**Records to use:**
= Beginning of Section =
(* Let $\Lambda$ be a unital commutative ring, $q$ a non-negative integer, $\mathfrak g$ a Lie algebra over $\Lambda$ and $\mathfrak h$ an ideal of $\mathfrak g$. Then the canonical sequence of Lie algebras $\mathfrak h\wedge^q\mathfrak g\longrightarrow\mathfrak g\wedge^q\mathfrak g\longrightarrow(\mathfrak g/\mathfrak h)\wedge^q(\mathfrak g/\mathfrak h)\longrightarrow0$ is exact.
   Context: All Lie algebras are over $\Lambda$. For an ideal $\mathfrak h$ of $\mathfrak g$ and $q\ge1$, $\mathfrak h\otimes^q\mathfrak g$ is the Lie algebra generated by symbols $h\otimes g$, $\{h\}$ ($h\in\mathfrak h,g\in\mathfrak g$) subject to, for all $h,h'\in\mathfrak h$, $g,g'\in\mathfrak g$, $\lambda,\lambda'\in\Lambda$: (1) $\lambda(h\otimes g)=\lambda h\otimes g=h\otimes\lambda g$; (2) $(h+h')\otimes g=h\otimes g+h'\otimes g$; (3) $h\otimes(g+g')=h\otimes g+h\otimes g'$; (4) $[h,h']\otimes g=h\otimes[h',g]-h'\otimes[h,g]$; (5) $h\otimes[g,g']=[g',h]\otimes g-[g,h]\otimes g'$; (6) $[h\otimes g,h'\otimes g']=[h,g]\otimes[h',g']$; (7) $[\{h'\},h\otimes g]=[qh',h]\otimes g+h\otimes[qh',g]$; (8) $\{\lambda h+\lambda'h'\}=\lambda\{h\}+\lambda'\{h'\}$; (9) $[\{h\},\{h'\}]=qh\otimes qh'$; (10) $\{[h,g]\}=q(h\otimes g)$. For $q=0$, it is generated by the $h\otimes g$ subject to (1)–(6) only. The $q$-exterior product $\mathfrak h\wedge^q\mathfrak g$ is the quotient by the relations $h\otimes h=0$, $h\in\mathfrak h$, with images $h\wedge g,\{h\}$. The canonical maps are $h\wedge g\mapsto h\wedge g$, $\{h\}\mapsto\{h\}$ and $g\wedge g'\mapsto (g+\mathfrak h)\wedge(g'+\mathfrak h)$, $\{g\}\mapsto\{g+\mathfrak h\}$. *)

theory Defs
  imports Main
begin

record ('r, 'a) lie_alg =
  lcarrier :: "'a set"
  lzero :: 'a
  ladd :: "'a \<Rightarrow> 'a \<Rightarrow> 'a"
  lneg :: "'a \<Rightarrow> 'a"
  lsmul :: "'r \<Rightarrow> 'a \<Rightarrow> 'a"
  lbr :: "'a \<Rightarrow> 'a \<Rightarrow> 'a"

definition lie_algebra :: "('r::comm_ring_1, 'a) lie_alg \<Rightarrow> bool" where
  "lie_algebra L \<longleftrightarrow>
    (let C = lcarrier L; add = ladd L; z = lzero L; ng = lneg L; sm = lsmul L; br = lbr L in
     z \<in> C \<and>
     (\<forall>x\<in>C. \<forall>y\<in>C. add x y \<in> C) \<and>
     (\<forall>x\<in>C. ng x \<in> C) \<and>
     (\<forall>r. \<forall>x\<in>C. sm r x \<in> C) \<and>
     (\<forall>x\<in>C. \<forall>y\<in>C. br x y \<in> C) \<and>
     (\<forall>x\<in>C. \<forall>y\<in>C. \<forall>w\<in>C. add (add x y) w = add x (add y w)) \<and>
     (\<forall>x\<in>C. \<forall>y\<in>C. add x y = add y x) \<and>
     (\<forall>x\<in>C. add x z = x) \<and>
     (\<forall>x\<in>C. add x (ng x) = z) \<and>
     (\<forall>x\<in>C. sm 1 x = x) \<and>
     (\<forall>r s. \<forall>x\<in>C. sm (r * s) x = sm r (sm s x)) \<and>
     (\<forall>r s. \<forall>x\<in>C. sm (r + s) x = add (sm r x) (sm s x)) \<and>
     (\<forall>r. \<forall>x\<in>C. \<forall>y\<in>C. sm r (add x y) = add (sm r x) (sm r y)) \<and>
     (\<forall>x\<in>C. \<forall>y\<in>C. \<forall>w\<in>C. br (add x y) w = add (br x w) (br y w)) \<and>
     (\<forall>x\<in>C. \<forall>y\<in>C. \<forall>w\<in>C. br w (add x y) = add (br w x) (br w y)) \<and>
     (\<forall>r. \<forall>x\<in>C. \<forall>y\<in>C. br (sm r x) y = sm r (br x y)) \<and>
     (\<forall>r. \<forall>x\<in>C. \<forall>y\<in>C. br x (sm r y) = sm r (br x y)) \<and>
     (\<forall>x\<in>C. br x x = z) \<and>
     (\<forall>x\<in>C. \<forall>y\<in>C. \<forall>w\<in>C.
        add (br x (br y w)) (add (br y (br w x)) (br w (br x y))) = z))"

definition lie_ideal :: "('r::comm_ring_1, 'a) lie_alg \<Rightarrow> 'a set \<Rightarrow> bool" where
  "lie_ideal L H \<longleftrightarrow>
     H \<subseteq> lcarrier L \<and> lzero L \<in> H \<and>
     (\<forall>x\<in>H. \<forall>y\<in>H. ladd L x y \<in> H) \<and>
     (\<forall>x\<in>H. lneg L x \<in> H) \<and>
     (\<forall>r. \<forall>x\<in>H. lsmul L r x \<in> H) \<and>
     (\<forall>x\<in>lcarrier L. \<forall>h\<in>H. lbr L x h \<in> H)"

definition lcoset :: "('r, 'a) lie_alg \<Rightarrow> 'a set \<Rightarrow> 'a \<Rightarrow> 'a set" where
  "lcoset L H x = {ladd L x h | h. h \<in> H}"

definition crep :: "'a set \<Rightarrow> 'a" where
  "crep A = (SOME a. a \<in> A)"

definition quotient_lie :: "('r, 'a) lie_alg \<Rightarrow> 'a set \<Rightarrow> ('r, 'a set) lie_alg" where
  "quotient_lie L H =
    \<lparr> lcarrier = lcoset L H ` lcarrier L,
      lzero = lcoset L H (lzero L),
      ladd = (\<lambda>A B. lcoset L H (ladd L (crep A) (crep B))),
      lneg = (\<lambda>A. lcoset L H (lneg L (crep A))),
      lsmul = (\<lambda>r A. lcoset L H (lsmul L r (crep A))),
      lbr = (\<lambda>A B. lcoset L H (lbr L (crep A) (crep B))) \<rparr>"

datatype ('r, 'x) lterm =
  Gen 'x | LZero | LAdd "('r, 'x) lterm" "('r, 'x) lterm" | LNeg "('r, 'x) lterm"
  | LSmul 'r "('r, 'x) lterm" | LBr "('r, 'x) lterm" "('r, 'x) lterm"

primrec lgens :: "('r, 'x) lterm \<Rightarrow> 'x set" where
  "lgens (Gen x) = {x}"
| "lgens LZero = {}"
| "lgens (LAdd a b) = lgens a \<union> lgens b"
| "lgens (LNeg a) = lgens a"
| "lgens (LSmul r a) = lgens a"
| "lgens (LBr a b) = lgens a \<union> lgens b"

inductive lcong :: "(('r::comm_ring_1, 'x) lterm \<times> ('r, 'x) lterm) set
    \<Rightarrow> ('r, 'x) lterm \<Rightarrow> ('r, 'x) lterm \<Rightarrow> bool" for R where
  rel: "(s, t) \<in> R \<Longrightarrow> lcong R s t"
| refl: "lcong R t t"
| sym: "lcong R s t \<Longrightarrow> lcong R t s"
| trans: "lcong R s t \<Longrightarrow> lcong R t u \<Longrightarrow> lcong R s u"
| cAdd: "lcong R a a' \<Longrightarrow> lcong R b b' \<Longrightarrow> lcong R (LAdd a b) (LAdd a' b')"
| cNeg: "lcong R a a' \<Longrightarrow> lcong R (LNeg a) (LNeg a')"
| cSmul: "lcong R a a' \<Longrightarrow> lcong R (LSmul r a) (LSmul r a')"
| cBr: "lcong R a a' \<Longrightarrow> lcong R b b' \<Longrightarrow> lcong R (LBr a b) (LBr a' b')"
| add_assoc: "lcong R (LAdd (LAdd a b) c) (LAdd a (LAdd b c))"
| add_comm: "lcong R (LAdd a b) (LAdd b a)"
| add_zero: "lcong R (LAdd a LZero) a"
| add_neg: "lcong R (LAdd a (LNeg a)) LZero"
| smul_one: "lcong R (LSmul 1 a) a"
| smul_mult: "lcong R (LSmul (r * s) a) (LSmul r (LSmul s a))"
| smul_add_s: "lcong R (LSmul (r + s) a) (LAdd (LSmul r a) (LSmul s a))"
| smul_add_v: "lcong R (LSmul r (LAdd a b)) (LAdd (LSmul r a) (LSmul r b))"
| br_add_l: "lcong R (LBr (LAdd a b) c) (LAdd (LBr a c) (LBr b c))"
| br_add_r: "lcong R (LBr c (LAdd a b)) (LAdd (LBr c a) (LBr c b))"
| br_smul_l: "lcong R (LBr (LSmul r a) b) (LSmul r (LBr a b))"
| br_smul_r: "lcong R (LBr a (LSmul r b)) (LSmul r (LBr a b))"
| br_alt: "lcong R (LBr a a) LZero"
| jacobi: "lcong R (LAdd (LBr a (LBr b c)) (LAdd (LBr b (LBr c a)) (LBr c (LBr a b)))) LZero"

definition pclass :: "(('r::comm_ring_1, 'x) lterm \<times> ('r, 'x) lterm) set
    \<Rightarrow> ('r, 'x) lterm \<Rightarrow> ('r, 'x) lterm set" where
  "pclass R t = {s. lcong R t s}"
= End of Section =
**What to do:** Output exactly one stretch of the listing: from the line containing "(\<forall>r. \<forall>x\<in>C. \<forall>y\<in>C. br (sm" through the line containing "L H \<longleftrightarrow>", both end lines included.

**Response area:**
     (\<forall>r. \<forall>x\<in>C. \<forall>y\<in>C. br (sm r x) y = sm r (br x y)) \<and>
     (\<forall>r. \<forall>x\<in>C. \<forall>y\<in>C. br x (sm r y) = sm r (br x y)) \<and>
     (\<forall>x\<in>C. br x x = z) \<and>
     (\<forall>x\<in>C. \<forall>y\<in>C. \<forall>w\<in>C.
        add (br x (br y w)) (add (br y (br w x)) (br w (br x y))) = z))"

definition lie_ideal :: "('r::comm_ring_1, 'a) lie_alg \<Rightarrow> 'a set \<Rightarrow> bool" where
  "lie_ideal L H \<longleftrightarrow>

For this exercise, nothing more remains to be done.